揭示人类遗传性疾病的因果基因,如对理解这些疾病发病机理中的主要步骤,需要遗传和基因组数据的综合分析。虽然生物信息学方法已经被设计成选择目标基因,但因为连锁分析或关联研究,疾病和基因在现有方法的覆盖度是相当有限的,从而阻止在全基因组水平上一个显著比例疾病的因果基因的扫描。

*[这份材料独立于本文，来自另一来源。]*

lemma toep_norm_le_symbol_bound:
  assumes "T \<ge> 1" "B \<ge> 0"
    and symbol: "\<And>\<alpha>. (\<Sum>k<p. (cmod (\<Sum>d<T. complex_of_real (v ((T - 1 - d) * p + k))
                                             * cis (\<alpha> * real d)))\<^sup>2) \<le> B\<^sup>2"
  shows "toep_norm R T p v \<le> B"
  unfolding toep_norm_def
proof (rule op_norm_le)
  fix x :: "nat \<Rightarrow> real" assume x: "(\<Sum>j<(R + T - 1) * p. (x j)\<^sup>2) \<le> 1"
  define y where "y i = (\<Sum>j<(R + T - 1) * p. toep_entry T p v i j * x j)" for i
  define Y where "Y = sqrt (\<Sum>i<R. (y i)\<^sup>2)"
  have "Y\<^sup>2 = \<bar>\<Sum>i<R. y i * y i\<bar>"
    by (simp add: Y_def power2_eq_square sum_nonneg)
  also have "\<dots> = \<bar>\<Sum>i<R. y i * (\<Sum>k<p. \<Sum>d<T. v ((T - 1 - d) * p + k) * x ((i + d) * p + k))\<bar>"
    by (intro arg_cong[where f = abs] sum.cong refl) (simp only: y_def lessThan_iff toep_entry_row_sum)
  also have "\<dots> \<le> B * Y * sqrt (\<Sum>c<R + T - 1. \<Sum>k<p. (x (c * p + k))\<^sup>2)"
    unfolding Y_def using toeplitz_bilinear_le[OF assms] .
  also have "\<dots> \<le> B * Y * 1"
    using x sum_blocks[of "\<lambda>j. (x j)\<^sup>2"] \<open>B \<ge> 0\<close> by (intro mult_left_mono) (simp_all add: Y_def sum_nonneg)
  finally have "Y * Y \<le> B * Y" by (simp add: power2_eq_square)
  moreover have "Y \<ge> 0" by (simp add: Y_def sum_nonneg)
  ultimately have "Y \<le> B" using \<open>B \<ge> 0\<close> by (cases "Y = 0") (auto simp: mult_le_cancel_right)
  then show "sqrt (\<Sum>i<R. (\<Sum>j<(R + T - 1) * p. toep_entry T p v i j * x j)\<^sup>2) \<le> B"
    by (simp add: Y_def y_def)
qed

为了克服这一局限性,清华大学自动化系江瑞副教授提出了新方法pgWalk,通过整合多个表型组和基因组数据来选择目标基因。该研究中取7719种疾病中表型相似性的三种类型和20327个基因中功能相似性的九种类型。基于表型和基因相似性,研究人员构造了一个疾病基因网络,然后模拟一个随机异构网络,对目标基因和查询疾病之间的关联强度进行量化。用费舍尔方法的加权版本得出27分,和一个最终的校正q值去优先候选基因。一系列的验证实验,以证明这种方法的优越性能。该研究还表明,该方法在自闭症和癫痫性脑病的外显子组测序研究的有效性。在线服务及pgWalk软件详见http://bioinfo.au.tsinghua.edu.cn/jianglab/pgwalk。该研究发表在2015年《Journal of Molecular Cell Biology》杂志上。

参考文献:

Walking on multiple disease-gene networks to prioritize candidate genes.Rui Jiang,et al.Journal of Molecular Cell Biology .2015

作者简介:

江瑞:北京清华大学自动化系副教授。清华973国家重点基础研究发展计划项目《基于新一代测序的生物信息学理论与方法》第四课题组学术骨干。研究领域生物信息学、系统生物学、模式识别、机器学习、统计推断。